Copy the data exactly from the line that contains "b(1) B(1) by blast" through the line that contains "using T(2) compactin_subset_topspace", keeping both end lines and leaving out everything else.

──────── Material to process ────────

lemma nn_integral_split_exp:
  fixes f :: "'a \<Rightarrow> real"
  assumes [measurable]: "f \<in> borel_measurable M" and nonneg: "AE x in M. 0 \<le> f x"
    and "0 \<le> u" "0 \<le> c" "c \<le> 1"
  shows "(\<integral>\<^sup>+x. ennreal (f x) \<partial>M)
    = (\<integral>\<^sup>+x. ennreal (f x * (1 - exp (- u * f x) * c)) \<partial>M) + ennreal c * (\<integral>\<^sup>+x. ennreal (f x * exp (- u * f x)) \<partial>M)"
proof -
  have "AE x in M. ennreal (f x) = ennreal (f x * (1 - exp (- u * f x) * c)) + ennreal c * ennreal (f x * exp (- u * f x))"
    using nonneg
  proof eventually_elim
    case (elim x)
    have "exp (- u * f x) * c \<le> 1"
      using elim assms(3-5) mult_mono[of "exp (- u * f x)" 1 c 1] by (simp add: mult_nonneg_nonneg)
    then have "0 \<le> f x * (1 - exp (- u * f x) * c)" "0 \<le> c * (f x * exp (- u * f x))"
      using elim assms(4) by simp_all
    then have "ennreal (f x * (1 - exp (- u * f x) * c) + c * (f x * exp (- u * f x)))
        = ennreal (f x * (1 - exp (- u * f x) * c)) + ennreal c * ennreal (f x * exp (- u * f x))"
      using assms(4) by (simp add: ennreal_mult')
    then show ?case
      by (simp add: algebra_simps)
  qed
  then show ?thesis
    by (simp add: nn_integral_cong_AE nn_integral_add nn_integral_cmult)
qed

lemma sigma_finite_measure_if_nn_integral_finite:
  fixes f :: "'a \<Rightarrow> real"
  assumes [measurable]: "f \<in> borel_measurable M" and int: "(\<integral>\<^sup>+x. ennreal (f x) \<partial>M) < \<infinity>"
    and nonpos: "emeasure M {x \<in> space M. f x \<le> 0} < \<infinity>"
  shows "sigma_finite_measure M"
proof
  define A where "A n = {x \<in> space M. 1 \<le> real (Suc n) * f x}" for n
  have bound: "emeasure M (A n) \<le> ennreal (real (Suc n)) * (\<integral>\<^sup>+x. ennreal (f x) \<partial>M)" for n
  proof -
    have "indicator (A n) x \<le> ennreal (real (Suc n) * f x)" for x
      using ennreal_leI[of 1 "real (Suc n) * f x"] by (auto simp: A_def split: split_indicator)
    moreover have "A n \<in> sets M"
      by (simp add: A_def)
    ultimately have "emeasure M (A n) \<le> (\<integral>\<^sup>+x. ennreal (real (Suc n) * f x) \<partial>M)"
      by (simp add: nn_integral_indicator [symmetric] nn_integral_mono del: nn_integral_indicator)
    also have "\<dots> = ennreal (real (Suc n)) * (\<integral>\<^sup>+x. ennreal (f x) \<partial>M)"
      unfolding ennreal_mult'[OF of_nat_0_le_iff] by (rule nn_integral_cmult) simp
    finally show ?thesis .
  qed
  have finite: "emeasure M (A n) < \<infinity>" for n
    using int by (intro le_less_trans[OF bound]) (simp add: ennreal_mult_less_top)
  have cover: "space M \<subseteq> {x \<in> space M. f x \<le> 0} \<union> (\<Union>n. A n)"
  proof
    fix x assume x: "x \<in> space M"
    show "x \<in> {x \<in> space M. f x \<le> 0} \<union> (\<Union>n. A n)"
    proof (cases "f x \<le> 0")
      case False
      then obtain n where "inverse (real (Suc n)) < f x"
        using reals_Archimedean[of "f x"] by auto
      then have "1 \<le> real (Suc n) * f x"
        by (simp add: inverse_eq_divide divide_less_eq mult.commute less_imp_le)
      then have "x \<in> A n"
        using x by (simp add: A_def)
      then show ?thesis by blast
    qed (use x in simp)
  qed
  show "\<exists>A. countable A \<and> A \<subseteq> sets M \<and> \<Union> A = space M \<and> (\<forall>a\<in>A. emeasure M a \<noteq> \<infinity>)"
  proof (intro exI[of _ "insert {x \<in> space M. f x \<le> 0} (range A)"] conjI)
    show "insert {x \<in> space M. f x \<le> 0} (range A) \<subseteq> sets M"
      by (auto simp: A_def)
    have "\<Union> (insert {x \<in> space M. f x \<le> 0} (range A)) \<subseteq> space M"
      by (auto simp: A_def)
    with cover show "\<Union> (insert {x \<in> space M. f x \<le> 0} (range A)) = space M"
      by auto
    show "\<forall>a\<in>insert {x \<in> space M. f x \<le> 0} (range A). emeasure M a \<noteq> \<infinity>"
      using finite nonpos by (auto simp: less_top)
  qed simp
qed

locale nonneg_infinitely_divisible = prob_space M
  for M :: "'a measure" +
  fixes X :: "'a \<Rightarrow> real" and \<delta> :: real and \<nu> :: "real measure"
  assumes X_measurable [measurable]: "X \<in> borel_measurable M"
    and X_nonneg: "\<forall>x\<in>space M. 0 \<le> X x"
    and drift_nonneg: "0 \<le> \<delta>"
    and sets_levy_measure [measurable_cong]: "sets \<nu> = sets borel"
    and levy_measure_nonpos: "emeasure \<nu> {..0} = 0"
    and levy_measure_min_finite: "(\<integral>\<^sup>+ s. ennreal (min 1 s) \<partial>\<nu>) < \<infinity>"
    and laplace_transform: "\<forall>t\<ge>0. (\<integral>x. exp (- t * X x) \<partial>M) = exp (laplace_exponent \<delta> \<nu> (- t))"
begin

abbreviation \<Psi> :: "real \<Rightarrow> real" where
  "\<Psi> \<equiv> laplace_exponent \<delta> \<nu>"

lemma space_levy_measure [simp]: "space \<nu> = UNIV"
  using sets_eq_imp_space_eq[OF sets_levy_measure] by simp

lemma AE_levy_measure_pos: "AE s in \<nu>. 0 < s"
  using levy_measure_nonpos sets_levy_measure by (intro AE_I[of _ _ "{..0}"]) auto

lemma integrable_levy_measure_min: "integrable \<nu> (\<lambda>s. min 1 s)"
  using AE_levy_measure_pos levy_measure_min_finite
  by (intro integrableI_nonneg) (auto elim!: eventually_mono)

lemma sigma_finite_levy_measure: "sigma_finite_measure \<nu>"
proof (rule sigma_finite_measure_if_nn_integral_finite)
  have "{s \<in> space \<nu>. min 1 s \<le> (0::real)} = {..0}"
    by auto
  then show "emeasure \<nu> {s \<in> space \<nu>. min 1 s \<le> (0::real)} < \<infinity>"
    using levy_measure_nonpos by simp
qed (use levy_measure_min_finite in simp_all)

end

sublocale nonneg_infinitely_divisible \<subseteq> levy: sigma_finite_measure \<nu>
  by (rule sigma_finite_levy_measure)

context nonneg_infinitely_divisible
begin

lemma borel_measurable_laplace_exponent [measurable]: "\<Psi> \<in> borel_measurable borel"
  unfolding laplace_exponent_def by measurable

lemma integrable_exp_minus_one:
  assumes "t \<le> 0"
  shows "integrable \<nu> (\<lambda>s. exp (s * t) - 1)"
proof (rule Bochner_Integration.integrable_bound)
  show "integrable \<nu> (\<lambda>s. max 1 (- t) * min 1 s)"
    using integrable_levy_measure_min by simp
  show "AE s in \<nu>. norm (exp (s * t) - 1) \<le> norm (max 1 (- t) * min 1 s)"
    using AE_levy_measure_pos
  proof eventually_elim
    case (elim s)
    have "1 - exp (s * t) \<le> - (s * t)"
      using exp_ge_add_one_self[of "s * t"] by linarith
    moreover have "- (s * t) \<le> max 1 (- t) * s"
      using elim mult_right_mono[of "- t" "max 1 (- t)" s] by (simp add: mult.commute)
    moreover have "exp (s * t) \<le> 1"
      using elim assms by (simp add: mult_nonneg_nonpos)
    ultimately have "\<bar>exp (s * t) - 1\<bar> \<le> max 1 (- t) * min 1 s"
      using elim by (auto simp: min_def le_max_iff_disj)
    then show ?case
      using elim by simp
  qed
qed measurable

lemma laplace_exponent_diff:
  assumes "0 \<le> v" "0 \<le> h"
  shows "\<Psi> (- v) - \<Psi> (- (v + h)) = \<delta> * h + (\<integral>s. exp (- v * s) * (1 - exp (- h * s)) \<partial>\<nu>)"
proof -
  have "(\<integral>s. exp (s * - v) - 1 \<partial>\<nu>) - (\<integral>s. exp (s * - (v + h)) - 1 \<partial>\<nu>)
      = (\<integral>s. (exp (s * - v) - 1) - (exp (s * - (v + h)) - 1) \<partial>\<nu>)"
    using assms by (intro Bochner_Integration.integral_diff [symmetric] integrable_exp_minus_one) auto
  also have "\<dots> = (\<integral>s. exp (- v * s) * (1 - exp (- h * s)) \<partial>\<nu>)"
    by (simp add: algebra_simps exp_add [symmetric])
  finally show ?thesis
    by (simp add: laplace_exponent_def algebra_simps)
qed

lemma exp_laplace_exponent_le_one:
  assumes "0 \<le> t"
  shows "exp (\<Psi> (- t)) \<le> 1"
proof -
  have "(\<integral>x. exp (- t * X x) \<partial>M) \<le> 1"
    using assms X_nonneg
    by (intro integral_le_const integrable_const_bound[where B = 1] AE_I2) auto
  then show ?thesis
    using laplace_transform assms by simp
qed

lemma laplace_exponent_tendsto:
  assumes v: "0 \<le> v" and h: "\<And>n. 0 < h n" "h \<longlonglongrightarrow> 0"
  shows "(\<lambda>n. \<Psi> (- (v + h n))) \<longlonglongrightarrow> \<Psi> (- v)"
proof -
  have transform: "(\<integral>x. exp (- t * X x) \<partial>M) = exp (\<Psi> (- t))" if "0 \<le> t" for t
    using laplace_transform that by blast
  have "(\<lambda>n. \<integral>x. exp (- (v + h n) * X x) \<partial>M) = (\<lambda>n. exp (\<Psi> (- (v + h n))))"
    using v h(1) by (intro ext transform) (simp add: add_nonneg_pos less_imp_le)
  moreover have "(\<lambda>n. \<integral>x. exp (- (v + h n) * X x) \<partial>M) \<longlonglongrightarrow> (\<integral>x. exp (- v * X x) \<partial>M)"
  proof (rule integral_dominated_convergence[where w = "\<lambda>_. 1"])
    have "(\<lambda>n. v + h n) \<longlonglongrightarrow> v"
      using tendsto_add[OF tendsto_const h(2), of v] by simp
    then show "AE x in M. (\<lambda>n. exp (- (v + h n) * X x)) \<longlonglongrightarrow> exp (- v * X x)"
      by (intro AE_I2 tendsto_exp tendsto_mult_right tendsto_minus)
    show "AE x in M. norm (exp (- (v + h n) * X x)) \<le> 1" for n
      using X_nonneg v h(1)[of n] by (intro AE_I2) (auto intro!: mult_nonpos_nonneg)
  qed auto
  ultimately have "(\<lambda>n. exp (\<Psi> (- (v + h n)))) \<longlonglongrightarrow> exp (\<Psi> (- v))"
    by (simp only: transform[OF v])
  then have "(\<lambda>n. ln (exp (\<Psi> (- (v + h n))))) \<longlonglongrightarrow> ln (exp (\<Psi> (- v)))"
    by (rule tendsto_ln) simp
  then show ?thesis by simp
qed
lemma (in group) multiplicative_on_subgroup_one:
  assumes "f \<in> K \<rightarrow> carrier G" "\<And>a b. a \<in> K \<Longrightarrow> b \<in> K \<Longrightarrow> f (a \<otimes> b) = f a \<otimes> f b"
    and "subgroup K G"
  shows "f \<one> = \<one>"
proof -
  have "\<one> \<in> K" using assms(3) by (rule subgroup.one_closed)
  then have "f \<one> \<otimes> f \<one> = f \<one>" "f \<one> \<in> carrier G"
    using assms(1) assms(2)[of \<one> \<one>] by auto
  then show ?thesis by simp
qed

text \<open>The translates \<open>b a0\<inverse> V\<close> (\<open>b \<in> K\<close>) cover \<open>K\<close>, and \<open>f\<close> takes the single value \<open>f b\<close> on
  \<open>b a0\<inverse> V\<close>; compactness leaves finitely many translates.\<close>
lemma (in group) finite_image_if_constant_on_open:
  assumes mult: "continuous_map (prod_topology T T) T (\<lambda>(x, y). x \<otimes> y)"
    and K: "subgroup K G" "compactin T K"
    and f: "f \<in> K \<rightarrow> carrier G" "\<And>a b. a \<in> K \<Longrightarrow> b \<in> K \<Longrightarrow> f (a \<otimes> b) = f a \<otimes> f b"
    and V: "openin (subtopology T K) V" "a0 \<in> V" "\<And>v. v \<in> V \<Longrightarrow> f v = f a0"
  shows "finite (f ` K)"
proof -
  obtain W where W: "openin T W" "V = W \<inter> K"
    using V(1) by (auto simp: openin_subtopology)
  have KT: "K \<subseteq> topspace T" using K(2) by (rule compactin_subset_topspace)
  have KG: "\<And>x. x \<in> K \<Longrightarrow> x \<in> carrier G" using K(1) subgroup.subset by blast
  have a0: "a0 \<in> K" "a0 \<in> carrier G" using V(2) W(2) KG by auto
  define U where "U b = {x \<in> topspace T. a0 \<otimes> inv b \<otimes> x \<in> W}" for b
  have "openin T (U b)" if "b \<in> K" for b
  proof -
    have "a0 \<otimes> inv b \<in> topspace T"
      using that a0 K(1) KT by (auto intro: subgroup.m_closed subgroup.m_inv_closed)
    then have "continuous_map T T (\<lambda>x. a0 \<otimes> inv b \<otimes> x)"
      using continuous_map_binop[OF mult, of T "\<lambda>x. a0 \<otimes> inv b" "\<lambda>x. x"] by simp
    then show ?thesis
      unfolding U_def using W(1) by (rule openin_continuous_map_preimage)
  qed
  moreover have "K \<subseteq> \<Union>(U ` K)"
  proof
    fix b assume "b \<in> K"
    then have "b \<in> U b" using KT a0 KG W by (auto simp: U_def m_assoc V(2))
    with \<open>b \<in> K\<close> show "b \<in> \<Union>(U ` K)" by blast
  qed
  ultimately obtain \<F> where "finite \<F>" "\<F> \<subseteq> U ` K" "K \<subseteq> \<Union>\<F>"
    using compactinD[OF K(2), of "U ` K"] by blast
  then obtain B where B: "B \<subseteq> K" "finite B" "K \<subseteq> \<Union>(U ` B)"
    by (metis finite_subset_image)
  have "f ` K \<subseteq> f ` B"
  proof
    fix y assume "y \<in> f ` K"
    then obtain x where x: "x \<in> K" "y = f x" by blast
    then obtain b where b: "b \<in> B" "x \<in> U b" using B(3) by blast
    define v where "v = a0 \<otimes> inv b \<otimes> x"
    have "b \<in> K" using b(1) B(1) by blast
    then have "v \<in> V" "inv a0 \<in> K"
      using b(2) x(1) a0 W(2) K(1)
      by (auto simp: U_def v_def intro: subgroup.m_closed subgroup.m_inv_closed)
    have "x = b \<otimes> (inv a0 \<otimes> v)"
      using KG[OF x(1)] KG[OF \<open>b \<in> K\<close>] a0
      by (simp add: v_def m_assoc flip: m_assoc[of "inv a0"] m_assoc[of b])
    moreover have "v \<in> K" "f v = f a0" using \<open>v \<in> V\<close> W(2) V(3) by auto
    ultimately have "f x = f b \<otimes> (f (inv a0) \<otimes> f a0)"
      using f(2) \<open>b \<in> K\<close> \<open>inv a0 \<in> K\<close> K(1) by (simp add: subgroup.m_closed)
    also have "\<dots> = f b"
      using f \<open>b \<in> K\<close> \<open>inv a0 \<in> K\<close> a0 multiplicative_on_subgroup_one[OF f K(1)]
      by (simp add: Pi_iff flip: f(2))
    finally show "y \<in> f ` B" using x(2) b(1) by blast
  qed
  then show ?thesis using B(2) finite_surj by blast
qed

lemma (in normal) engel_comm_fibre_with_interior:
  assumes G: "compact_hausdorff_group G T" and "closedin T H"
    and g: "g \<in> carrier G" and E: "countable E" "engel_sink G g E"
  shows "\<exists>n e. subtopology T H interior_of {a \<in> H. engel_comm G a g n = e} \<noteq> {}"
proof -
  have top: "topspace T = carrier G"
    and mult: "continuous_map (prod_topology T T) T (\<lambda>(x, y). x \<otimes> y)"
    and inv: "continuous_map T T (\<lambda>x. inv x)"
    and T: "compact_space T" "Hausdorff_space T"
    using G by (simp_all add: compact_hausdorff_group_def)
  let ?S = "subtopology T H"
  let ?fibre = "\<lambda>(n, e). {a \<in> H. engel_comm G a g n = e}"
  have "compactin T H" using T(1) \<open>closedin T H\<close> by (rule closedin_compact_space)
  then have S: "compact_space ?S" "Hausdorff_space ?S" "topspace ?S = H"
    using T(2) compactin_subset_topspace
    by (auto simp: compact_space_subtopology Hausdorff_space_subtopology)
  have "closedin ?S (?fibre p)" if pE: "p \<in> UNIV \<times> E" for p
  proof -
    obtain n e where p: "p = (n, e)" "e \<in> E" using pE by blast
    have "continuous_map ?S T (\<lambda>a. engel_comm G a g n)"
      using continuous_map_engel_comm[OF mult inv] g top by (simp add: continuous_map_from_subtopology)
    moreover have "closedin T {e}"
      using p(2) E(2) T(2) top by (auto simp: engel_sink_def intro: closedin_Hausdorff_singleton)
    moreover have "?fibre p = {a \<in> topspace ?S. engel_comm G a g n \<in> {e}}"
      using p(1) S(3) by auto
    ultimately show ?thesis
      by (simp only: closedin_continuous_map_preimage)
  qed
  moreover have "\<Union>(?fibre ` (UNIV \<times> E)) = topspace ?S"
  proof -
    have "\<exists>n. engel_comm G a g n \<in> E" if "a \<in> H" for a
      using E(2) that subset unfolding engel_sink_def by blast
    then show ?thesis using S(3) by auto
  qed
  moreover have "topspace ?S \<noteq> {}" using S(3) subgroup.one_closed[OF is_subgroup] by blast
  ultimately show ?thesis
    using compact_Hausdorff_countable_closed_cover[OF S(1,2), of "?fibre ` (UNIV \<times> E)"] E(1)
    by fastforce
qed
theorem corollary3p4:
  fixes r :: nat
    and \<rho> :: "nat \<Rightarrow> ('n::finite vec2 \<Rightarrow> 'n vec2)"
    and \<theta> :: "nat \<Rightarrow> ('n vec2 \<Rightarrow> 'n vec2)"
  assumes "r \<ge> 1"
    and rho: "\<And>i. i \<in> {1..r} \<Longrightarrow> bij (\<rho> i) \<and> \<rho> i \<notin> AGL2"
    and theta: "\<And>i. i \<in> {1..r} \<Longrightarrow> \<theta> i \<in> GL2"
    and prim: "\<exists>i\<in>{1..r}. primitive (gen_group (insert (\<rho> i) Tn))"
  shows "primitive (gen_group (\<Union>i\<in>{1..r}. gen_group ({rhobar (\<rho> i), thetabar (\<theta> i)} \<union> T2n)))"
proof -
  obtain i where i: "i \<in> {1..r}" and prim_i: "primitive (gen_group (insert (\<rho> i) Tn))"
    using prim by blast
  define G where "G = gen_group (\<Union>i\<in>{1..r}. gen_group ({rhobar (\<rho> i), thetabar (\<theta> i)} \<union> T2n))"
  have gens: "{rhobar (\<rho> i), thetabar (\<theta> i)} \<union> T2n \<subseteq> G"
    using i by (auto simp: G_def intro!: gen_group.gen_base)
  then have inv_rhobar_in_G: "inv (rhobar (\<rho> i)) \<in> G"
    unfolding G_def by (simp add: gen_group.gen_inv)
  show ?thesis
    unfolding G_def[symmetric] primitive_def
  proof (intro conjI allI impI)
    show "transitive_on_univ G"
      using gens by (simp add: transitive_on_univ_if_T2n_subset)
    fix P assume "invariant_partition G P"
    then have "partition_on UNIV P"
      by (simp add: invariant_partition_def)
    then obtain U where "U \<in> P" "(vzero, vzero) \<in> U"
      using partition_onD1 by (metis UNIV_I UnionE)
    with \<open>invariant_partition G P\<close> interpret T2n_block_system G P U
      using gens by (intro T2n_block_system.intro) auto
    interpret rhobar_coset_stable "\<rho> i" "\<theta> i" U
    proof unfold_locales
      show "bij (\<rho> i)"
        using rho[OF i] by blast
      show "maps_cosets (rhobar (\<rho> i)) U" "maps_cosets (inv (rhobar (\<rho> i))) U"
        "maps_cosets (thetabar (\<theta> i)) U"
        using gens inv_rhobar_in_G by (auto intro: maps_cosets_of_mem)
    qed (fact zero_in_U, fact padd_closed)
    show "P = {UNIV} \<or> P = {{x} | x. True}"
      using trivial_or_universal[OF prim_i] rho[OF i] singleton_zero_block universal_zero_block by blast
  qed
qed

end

────────

=== Written solution ===
    have "b \<in> K" using b(1) B(1) by blast
    then have "v \<in> V" "inv a0 \<in> K"
      using b(2) x(1) a0 W(2) K(1)
      by (auto simp: U_def v_def intro: subgroup.m_closed subgroup.m_inv_closed)
    have "x = b \<otimes> (inv a0 \<otimes> v)"
      using KG[OF x(1)] KG[OF \<open>b \<in> K\<close>] a0
      by (simp add: v_def m_assoc flip: m_assoc[of "inv a0"] m_assoc[of b])
    moreover have "v \<in> K" "f v = f a0" using \<open>v \<in> V\<close> W(2) V(3) by auto
    ultimately have "f x = f b \<otimes> (f (inv a0) \<otimes> f a0)"
      using f(2) \<open>b \<in> K\<close> \<open>inv a0 \<in> K\<close> K(1) by (simp add: subgroup.m_closed)
    also have "\<dots> = f b"
      using f \<open>b \<in> K\<close> \<open>inv a0 \<in> K\<close> a0 multiplicative_on_subgroup_one[OF f K(1)]
      by (simp add: Pi_iff flip: f(2))
    finally show "y \<in> f ` B" using x(2) b(1) by blast
  qed
  then show ?thesis using B(2) finite_surj by blast
qed

lemma (in normal) engel_comm_fibre_with_interior:
  assumes G: "compact_hausdorff_group G T" and "closedin T H"
    and g: "g \<in> carrier G" and E: "countable E" "engel_sink G g E"
  shows "\<exists>n e. subtopology T H interior_of {a \<in> H. engel_comm G a g n = e} \<noteq> {}"
proof -
  have top: "topspace T = carrier G"
    and mult: "continuous_map (prod_topology T T) T (\<lambda>(x, y). x \<otimes> y)"
    and inv: "continuous_map T T (\<lambda>x. inv x)"
    and T: "compact_space T" "Hausdorff_space T"
    using G by (simp_all add: compact_hausdorff_group_def)
  let ?S = "subtopology T H"
  let ?fibre = "\<lambda>(n, e). {a \<in> H. engel_comm G a g n = e}"
  have "compactin T H" using T(1) \<open>closedin T H\<close> by (rule closedin_compact_space)
  then have S: "compact_space ?S" "Hausdorff_space ?S" "topspace ?S = H"
    using T(2) compactin_subset_topspace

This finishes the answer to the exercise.